Plumb Squirrely for Squirrels
When I was a kid, we had one of those homemade 55-gallon-drum barbeque pits, and on many-a-Sunday growing up, we’d have some great family barbeques. The barbeque meat was usually pretty standard fare, but one day, a friend of ours came over with some squirrels and threw them on the pit. I had never heard of anyone eating squirrel. I remember lifting the lid and seeing them on the expanded metal cooking surface and thinking they looked like rats. I tried one, but didn’t like it. Then, the friend started talking about the great squirrel hunt he’d had back home the weekend before. Where was home? East Texas.
In 44 counties in East Texas, squirrel hunting is a huge deal. There’s even a special season, with a bag limit and everything, which starts on Oct. 1 and runs through Feb. 22. There’s a Youth-Only season Sept. 26-28 and an additional opportunity to hunt them from May 1-31. In case you’re wondering about the other 210 counties in the state, there’s a season for them too – it’s year-round with no bag limit.
And that bring us to this week’s tale; a squirrel tale, if you will, courtesy of Retired Game Warden Milton “Bubba” Vincent. For a time, Bubba was stationed on the Texas/Louisiana border in Newton County. For three years running, he and his partner, the late Jack Chancey, had heard about a hunter from Louisiana who would slip over the border a week or two before squirrel season opened and trespass onto a hunting club to hunt.

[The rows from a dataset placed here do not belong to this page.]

lemma pd_gen_eventually_gt_double:
  assumes "0 < a" "a < m" "m \<le> 1"
  shows "eventually (\<lambda>lam. 2 * pd_gen lam m < pd_gen lam a) at_bot"
proof -
  have "eventually (\<lambda>lam. 3 - lam < r powr (lam + 1)) at_bot" if "0 < r" "r < 1" for r :: real
    using that by real_asymp
  \<comment> \<open>\<open>(a/m)\<^bsup>\<lambda>+1\<^esup>\<close> grows exponentially as \<open>\<lambda> \<rightarrow> -\<infinity>\<close> and absorbs all the other terms\<close>
  then have "eventually (\<lambda>lam. 3 - lam < (a / m) powr (lam + 1)) at_bot"
    using assms by simp
  then show ?thesis
    using eventually_gt_at_bot[of "-1 :: real"]
  proof eventually_elim
    case (elim lam)
    define q where "q = lam + 1"
    have "q < 0" "0 < lam * (lam + 1)"
      using elim(2) by (auto simp: q_def mult_neg_neg)
    have "1 \<le> m powr q"
      using powr_mono2'[of q m 1] \<open>q < 0\<close> assms by simp
    have "a powr q = (a / m) powr q * m powr q"
      using assms by (simp add: powr_divide)
    also have "\<dots> \<ge> (3 - lam) * m powr q"
      using elim(1) \<open>1 \<le> m powr q\<close> by (intro mult_right_mono) (simp_all add: q_def)
    finally have "2 * m powr q + (1 - lam) \<le> a powr q"
      using \<open>1 \<le> m powr q\<close> elim(2) mult_right_mono[of 1 "m powr q" "1 - lam"]
      by (simp add: algebra_simps)
    moreover have "lam * a < 0"
      using elim(2) assms(1) by (simp add: mult_neg_pos)
    then have "a powr q - 1 + lam < a powr q - a + lam * (1 - a)"
      using assms by (simp add: algebra_simps)
    moreover have "lam * (1 - m) \<le> 0"
      using elim(2) assms(3) by (intro mult_nonpos_nonneg) auto
    then have "2 * (m powr q - m + lam * (1 - m)) < 2 * m powr q"
      using assms by simp
    ultimately have "2 * (m powr q - m + lam * (1 - m)) < a powr q - a + lam * (1 - a)"
      by linarith
    then show ?case
      using divide_strict_right_mono[OF _ \<open>0 < lam * (lam + 1)\<close>]
      by (simp add: pd_gen_def q_def)
  qed
qed

lemma pd_copula_eq_0_on_boundary:
  assumes "lam \<le> -1" "u1 = 0 \<or> u2 = 0"
  shows "pd_copula lam u1 u2 = 0"
proof -
  have "pd_phi lam u \<noteq> -\<infinity>" for u
    by (simp add: pd_phi_def)
  then have infinite_sum: "pd_phi lam u1 + pd_phi lam u2 = \<infinity>"
    using assms pd_phi_0_infinite[OF assms(1)] by auto
  show ?thesis
    unfolding pd_copula_def infinite_sum by (rule pd_phi_pinv_eq_0) simp
qed

lemma pd_copula_eventually_between:
  assumes "u1 \<in> {0..1}" "u2 \<in> {0..1}" "0 < a" "a < min u1 u2"
  shows "eventually (\<lambda>lam. a \<le> pd_copula lam u1 u2 \<and> pd_copula lam u1 u2 \<le> min u1 u2) at_bot"
proof -
  define m where "m = min u1 u2"
  have m: "a < m" "m \<le> u1" "m \<le> u2" "m \<le> 1"
    using assms by (auto simp: m_def)
  show ?thesis
    using pd_gen_eventually_gt_double[OF assms(3) m(1,4)] eventually_gt_at_bot[of "-1 :: real"]
    unfolding m_def[symmetric]
  proof eventually_elim
    case (elim lam)
    have lam: "lam \<noteq> 0" "lam \<noteq> -1"
      using elim(2) by auto
    have le_m: "pd_phi lam u \<le> ereal (pd_gen lam m)" if "u \<in> {0..1}" "m \<le> u" for u
      using pd_phi_antimono[OF lam, of m u] pd_phi_eq_pd_gen[OF lam, of m] that m(1) assms(3)
      by simp
    have "pd_phi lam u1 + pd_phi lam u2 \<le> ereal (pd_gen lam m) + ereal (pd_gen lam m)"
      using le_m[OF assms(1) m(2)] le_m[OF assms(2) m(3)] by (rule add_mono)
    also have "\<dots> < pd_phi lam a"
      using elim(1) pd_phi_eq_pd_gen[OF lam, of a] assms(3) by simp
    finally have "pd_phi lam u1 + pd_phi lam u2 < pd_phi lam a" .
    moreover have "a \<in> {0<..1}"
      using assms(3) m(1,4) by simp
    ultimately show ?case
      using pd_copula_between[OF lam _ assms(1,2)] by (simp add: m_def)
  qed
qed

lemma pd_copula_tendsto_at_top:
  assumes "u1 \<in> {0..1}" "u2 \<in> {0..1}"
  shows "((\<lambda>lam. pd_copula lam u1 u2) \<longlongrightarrow> max (u1 + u2 - 1) 0) at_top"
proof (rule metric_tendsto_imp_tendsto)
  show "((\<lambda>lam :: real. 2 / (lam + 1)) \<longlongrightarrow> 0) at_top"
    by real_asymp
  show "eventually (\<lambda>lam. dist (pd_copula lam u1 u2) (max (u1 + u2 - 1) 0)
                          \<le> dist (2 / (lam + 1)) 0) at_top"
    using eventually_gt_at_top[of "0 :: real"]
  proof eventually_elim
    case (elim lam)
    then have "dist (2 / (lam + 1)) 0 = 2 / (lam + 1)"
      by (simp add: dist_real_def)
    then show ?case
      using dist_pd_copula_max_le[OF elim assms] by simp
  qed
qed

lemma pd_copula_tendsto_at_bot:
  assumes "u1 \<in> {0..1}" "u2 \<in> {0..1}"
  shows "((\<lambda>lam. pd_copula lam u1 u2) \<longlongrightarrow> min u1 u2) at_bot"
proof (cases "min u1 u2 = 0")
  case True
  then have boundary: "u1 = 0 \<or> u2 = 0"
    by (auto simp: min_def split: if_splits)
  have "eventually (\<lambda>lam. pd_copula lam u1 u2 = min u1 u2) at_bot"
    using eventually_le_at_bot[of "-1 :: real"]
    by eventually_elim (simp add: True pd_copula_eq_0_on_boundary boundary)
  then show ?thesis
    by (rule tendsto_eventually)
next
  case False
  then have "0 < min u1 u2"
    using assms by auto
  show ?thesis
    unfolding tendsto_iff
  proof (intro allI impI)
    fix e :: real
    assume "0 < e"
    define a where "a = min u1 u2 - min e (min u1 u2) / 2"
    have "0 < a" "a < min u1 u2" "min u1 u2 - a < e"
      using \<open>0 < min u1 u2\<close> \<open>0 < e\<close> by (auto simp: a_def)
    then show "eventually (\<lambda>lam. dist (pd_copula lam u1 u2) (min u1 u2) < e) at_bot"
      using pd_copula_eventually_between[OF assms, of a]
      by (auto elim!: eventually_mono simp: dist_real_def)
  qed
qed

theorem proposition3:
  fixes u1 u2 :: real
  assumes "u1 \<in> {0..1}" and "u2 \<in> {0..1}"
  shows "((\<lambda>lam. pd_copula lam u1 u2) \<longlongrightarrow> max (u1 + u2 - 1) 0) at_top \<and>
         ((\<lambda>lam. pd_copula lam u1 u2) \<longlongrightarrow> min u1 u2) at_bot"
  using pd_copula_tendsto_at_top[OF assms] pd_copula_tendsto_at_bot[OF assms] ..

end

One morning about two weeks before the season opened, Jack and Bubba heard shots on the hunting club property, figured it was their guy, and decided to creep down on him. They got real close to him and announced themselves, “State Game Wardens!” Without hesitation, the guy started running. The only problem was that he wasn’t very fast and he kind of had a limp. It didn’t take long before Jack and Bubba were running next to him with a warden on each side.
Bubba grabbed the shotgun, and Jack grabbed the poacher. Then they all three went to the ground. The guy never struck at the wardens; he just rolled around in the mud and the leaves and tried to squirm away so he could limp-run his way out of his predicament. However, his hopes were dashed as soon as he was handcuffed.
Jack and Bubba took the guy into town to see the justice of the peace. He was charged with hunting squirrel in a closed season and trespassing. The wardens didn’t charge him with evading arrest, mostly because a lot of folks back then would run when they saw game wardens. It was just part of the game. The judge assessed a fine, and the guy paid it on the spot. He then went on to tell the judge about what good game wardens Jack and Bubba were because they were the only ones who had ever caught him. He then posited that they might not have caught him this time if he hadn’t of had a bad hip. Then he said, “I’m hungry. Let’s go get breakfast.”
So, Jack and Bubba took the guy to the only café in town and broke bread with their law breaker. When asked why he had done what he did, the guy said, “I passed up a limit of squirrels before I crossed the river. I just like hunting in Texas. I quit when the season starts.” He then proceeded to tell everyone in the café about what good game wardens they had in Newton County.
Though the guy offered to buy, the wardens refused, and after breakfast, everyone went on about their ways. Yep – some folks are plumb squirrely for squirrels.